Their new paper provides a how-to tutorial for using the code to process PALM images through Amazon Cloud, helping the other labs achieve similar increases in speed.
Other researchers on the study were: Xiaolin Nan, of Oregon Health and Science University School of Medicine, and Sengupta Prabuddha, of The Eunice Kennedy Shriver National Institute of Child Health and Human Development, National Institutes of Health.
The research was supported by the Waitt Foundation.
Comments (9)
by twm114
‘from nine days to under three and a half hours’ – beautiful! So can we expect a lot more pictures?
by Damon
Define human.
by Glen Lincoln
I still don’t understand how doing ginormous super computer calculations has the ability to make microscopes perform better in spite of the wavelength of light not permitting ten nanometer size imaging.

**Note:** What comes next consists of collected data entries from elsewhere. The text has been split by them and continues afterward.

(* Let $\varphi$ be an ${\cal X}_5$ formula in which the atom $p$ occurs only outside the scope of explicit negation $\sim$, and let $\alpha,\beta$ be formulas such that $\alpha\leftrightarrow\beta$ is valid. Then $\varphi[\alpha/p]\leftrightarrow\varphi[\beta/p]$ is valid.
   Context: Fix a set $\mathit{At}$ of atoms. An explicit literal is $p$ or $\sim p$ for $p\in\mathit{At}$; a set of explicit literals is consistent if it never contains both $p$ and $\sim p$. Formulas: $\varphi ::= p\mid\bot\mid\varphi\wedge\varphi\mid\varphi\vee\varphi\mid\varphi\to\varphi\mid\sim\varphi$; abbreviations $\neg\varphi:=\varphi\to\bot$, $\top:=\neg\bot$, $\varphi\leftrightarrow\psi:=(\varphi\to\psi)\wedge(\psi\to\varphi)$. $\varphi[\alpha/p]$ replaces every occurrence of atom $p$ in $\varphi$ by $\alpha$. An ${\cal X}_5$-interpretation is a pair $\langle H,T\rangle$ of consistent sets of explicit literals with $H\subseteq T$. Satisfaction $\models$ and falsification $=\!\!|\;$: $\langle H,T\rangle\not\models\bot$, $\langle H,T\rangle=\!\!|\;\bot$; $\models p$ iff $p\in H$, $=\!\!|\;p$ iff $\sim p\in H$; $\models\varphi\wedge\psi$ iff both satisfied, $=\!\!|\;\varphi\wedge\psi$ iff at least one falsified; $\models\varphi\vee\psi$ iff at least one satisfied, $=\!\!|\;\varphi\vee\psi$ iff both falsified; $\models\sim\varphi$ iff $=\!\!|\;\varphi$, $=\!\!|\;\sim\varphi$ iff $\models\varphi$; $\langle H,T\rangle\models\varphi\to\psi$ iff (i) $\langle H,T\rangle\not\models\varphi$ or $\langle H,T\rangle\models\psi$ and (ii) $\langle T,T\rangle\not\models\varphi$ or $\langle T,T\rangle\models\psi$; $\langle H,T\rangle=\!\!|\;\varphi\to\psi$ iff $\langle T,T\rangle\models\varphi$ and $\langle H,T\rangle=\!\!|\;\psi$. A formula is valid if satisfied by every ${\cal X}_5$-interpretation. *)

theory Defs
  imports Main
begin

datatype 'a form =
    Atom 'a
  | Bot
  | Conj "'a form" "'a form"
  | Disj "'a form" "'a form"
  | Impl "'a form" "'a form"
  | Sneg "'a form"

definition Neg :: "'a form \<Rightarrow> 'a form" where
  "Neg \<phi> = Impl \<phi> Bot"

definition Top :: "'a form" where
  "Top = Neg Bot"

definition Iff :: "'a form \<Rightarrow> 'a form \<Rightarrow> 'a form" where
  "Iff \<phi> \<psi> = Conj (Impl \<phi> \<psi>) (Impl \<psi> \<phi>)"

fun subst :: "'a form \<Rightarrow> 'a form \<Rightarrow> 'a \<Rightarrow> 'a form" where
  "subst (Atom q) \<alpha> p = (if q = p then \<alpha> else Atom q)"
| "subst Bot \<alpha> p = Bot"
| "subst (Conj \<phi> \<psi>) \<alpha> p = Conj (subst \<phi> \<alpha> p) (subst \<psi> \<alpha> p)"
| "subst (Disj \<phi> \<psi>) \<alpha> p = Disj (subst \<phi> \<alpha> p) (subst \<psi> \<alpha> p)"
| "subst (Impl \<phi> \<psi>) \<alpha> p = Impl (subst \<phi> \<alpha> p) (subst \<psi> \<alpha> p)"
| "subst (Sneg \<phi>) \<alpha> p = Sneg (subst \<phi> \<alpha> p)"

fun atoms :: "'a form \<Rightarrow> 'a set" where
  "atoms (Atom q) = {q}"
| "atoms Bot = {}"
| "atoms (Conj \<phi> \<psi>) = atoms \<phi> \<union> atoms \<psi>"
| "atoms (Disj \<phi> \<psi>) = atoms \<phi> \<union> atoms \<psi>"
| "atoms (Impl \<phi> \<psi>) = atoms \<phi> \<union> atoms \<psi>"
| "atoms (Sneg \<phi>) = atoms \<phi>"

fun outside_sneg :: "'a \<Rightarrow> 'a form \<Rightarrow> bool" where
  "outside_sneg p (Atom q) = True"
| "outside_sneg p Bot = True"
| "outside_sneg p (Conj \<phi> \<psi>) = (outside_sneg p \<phi> \<and> outside_sneg p \<psi>)"
| "outside_sneg p (Disj \<phi> \<psi>) = (outside_sneg p \<phi> \<and> outside_sneg p \<psi>)"
| "outside_sneg p (Impl \<phi> \<psi>) = (outside_sneg p \<phi> \<and> outside_sneg p \<psi>)"
| "outside_sneg p (Sneg \<phi>) = (p \<notin> atoms \<phi>)"

text \<open>Explicit literals: (p, True) stands for p, (p, False) for ~p.\<close>
type_synonym 'a lit = "'a \<times> bool"

definition consistent :: "'a lit set \<Rightarrow> bool" where
  "consistent S \<longleftrightarrow> (\<forall>p. \<not> ((p, True) \<in> S \<and> (p, False) \<in> S))"

definition X5_interp :: "'a lit set \<Rightarrow> 'a lit set \<Rightarrow> bool" where
  "X5_interp H T \<longleftrightarrow> consistent H \<and> consistent T \<and> H \<subseteq> T"

fun sat :: "'a lit set \<Rightarrow> 'a lit set \<Rightarrow> 'a form \<Rightarrow> bool"
and fal :: "'a lit set \<Rightarrow> 'a lit set \<Rightarrow> 'a form \<Rightarrow> bool" where
  "sat H T (Atom p) = ((p, True) \<in> H)"
| "sat H T Bot = False"
| "sat H T (Conj \<phi> \<psi>) = (sat H T \<phi> \<and> sat H T \<psi>)"
| "sat H T (Disj \<phi> \<psi>) = (sat H T \<phi> \<or> sat H T \<psi>)"
| "sat H T (Impl \<phi> \<psi>) =
     ((\<not> sat H T \<phi> \<or> sat H T \<psi>) \<and> (\<not> sat T T \<phi> \<or> sat T T \<psi>))"
| "sat H T (Sneg \<phi>) = fal H T \<phi>"
| "fal H T (Atom p) = ((p, False) \<in> H)"
| "fal H T Bot = True"
| "fal H T (Conj \<phi> \<psi>) = (fal H T \<phi> \<or> fal H T \<psi>)"
| "fal H T (Disj \<phi> \<psi>) = (fal H T \<phi> \<and> fal H T \<psi>)"
| "fal H T (Impl \<phi> \<psi>) = (sat T T \<phi> \<and> fal H T \<psi>)"
| "fal H T (Sneg \<phi>) = sat H T \<phi>"

definition valid :: "'a form \<Rightarrow> bool" where
  "valid \<phi> \<longleftrightarrow> (\<forall>H T. X5_interp H T \<longrightarrow> sat H T \<phi>)"

end

theory Submission
  imports Defs
begin

text \<open>Outside the scope of \<open>\<sim>\<close>, the satisfaction clauses only ever consult satisfaction of
  subformulas, at \<open>\<langle>H,T\<rangle>\<close> and at \<open>\<langle>T,T\<rangle>\<close>; falsification is reached only below \<open>\<sim>\<close>, where
  \<open>p\<close> does not occur. So a structural induction shows that \<open>\<phi>[\<alpha>/p]\<close> and \<open>\<phi>[\<beta>/p]\<close> are satisfied
  by the same interpretations whenever \<open>\<alpha>\<close> and \<open>\<beta>\<close> are, and validity of \<open>\<alpha> \<leftrightarrow> \<beta>\<close> says
  exactly that \<open>\<alpha>\<close> and \<open>\<beta>\<close> are.\<close>

lemma subst_triv: "p \<notin> atoms \<phi> \<Longrightarrow> subst \<phi> \<alpha> p = \<phi>"
  by (induction \<phi>) auto

lemma X5_interp_there: "X5_interp H T \<Longrightarrow> X5_interp T T"
  unfolding X5_interp_def by auto

lemma valid_Iff_iff_sat_eq:
  "valid (Iff \<alpha> \<beta>) \<longleftrightarrow> (\<forall>H T. X5_interp H T \<longrightarrow> sat H T \<alpha> = sat H T \<beta>)"
  unfolding valid_def Iff_def by (auto dest: X5_interp_there)

lemma sat_subst_cong:
  assumes sat_eq: "\<And>H T. X5_interp H T \<Longrightarrow> sat H T \<alpha> = sat H T \<beta>"
    and "outside_sneg p \<phi>" and "X5_interp H T"
  shows "sat H T (subst \<phi> \<alpha> p) = sat H T (subst \<phi> \<beta> p)"
  using assms(2,3)
proof (induction \<phi> arbitrary: H T)
  case (Impl \<phi> \<psi>)
  then show ?case by (simp add: X5_interp_there)
qed (auto simp: sat_eq subst_triv)

theorem theorem8:
  fixes \<phi> \<alpha> \<beta> :: "'a form" and p :: 'a
  assumes "outside_sneg p \<phi>"
    and "valid (Iff \<alpha> \<beta>)"
  shows "valid (Iff (subst \<phi> \<alpha> p) (subst \<phi> \<beta> p))"
  using sat_subst_cong[OF _ assms(1)] assms(2)
  unfolding valid_Iff_iff_sat_eq by blast

end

There’s a gap in my conceptualization of the trick here, but I gotta say, I commend you for an exceptionally interesting and readable article.
by Editor
The calculations are intended to extract information from microscope images. The calculations do not require a supercomputer; they can be done with a desktop computer, but that takes a long time. The program extracts information from the fuzzy image (see the top picture on the left) from the microscope to show more details (right).
by Doug Safarik
http://www.youtube.com/watch?v=1eA3XCvrK90
by Bri
Since we are supposed to have our heads in the clouds in order to get work in the future, this article is a window into what that might entail..The cloud is very impressive at data processing. It’s like renting time on a supercomputer. The cloud saved a lot of processing time so all those work hours in data processing have been reduced. My guess is that would translate into some job loss for those that would have processed this information. Those people are different from the ones interpreting the data. Google’s cloud servers are basically a soft AI so there aren’t that many human jobs in association with that step. Once we get down to the data interpretation that is a job for a highly trained human. One strong Watsonesq or should I say Sherlockesq AI would learn how to interpret the data and process that faster than s human could. We could leave the data interpretation to a strong AI in the cloud but there goes some more jobs. I don’t know, it still looks to me like robots and strong AI will take all the jobs, no matter how sexy this cloud service appears.
by asiwel
We need to apply some reason here when we talk about what machines can do versus “job loss.” Why have computers when we could hire 1000′s of people to run abacuses. In that the cloud here saves “processing time”, whether by hand or by desktop PC, that means possibly you or I can afford it or do it .. when otherwise possibly we couldn’t have done so. Alternately, here perhaps the cloud computer is doing something that would be forever impossible or unreasonable to do by hand – so no “jobs” like that would ever be there to lose. When you try to save certain types of jobs, that really only means that only the 1% may be able to have them performed and millions who might could benefit (if cost were reasonable) are left without. This is simply the Henry Ford logic of mass production versus cost.
by Editor
Yes, I don’t think there’s any difference in human tasks here (except for IT skills in using cloud supercomputers — possibly requiring additional staff for smaller labs). The key variable is computer processing time and thus overall throughput.
by someone
It seems the main advantage of using Amazon for this kind of task is sharing of information – via AMIs (so that other researchers can just take their machine image, launch it, and continue working on it).
As far as cost effectiveness, it would probably be cheaper in the long run for a department to buy a rack of servers, than to pay Amazon hourly rates (the most expensive cloud service currently on the market).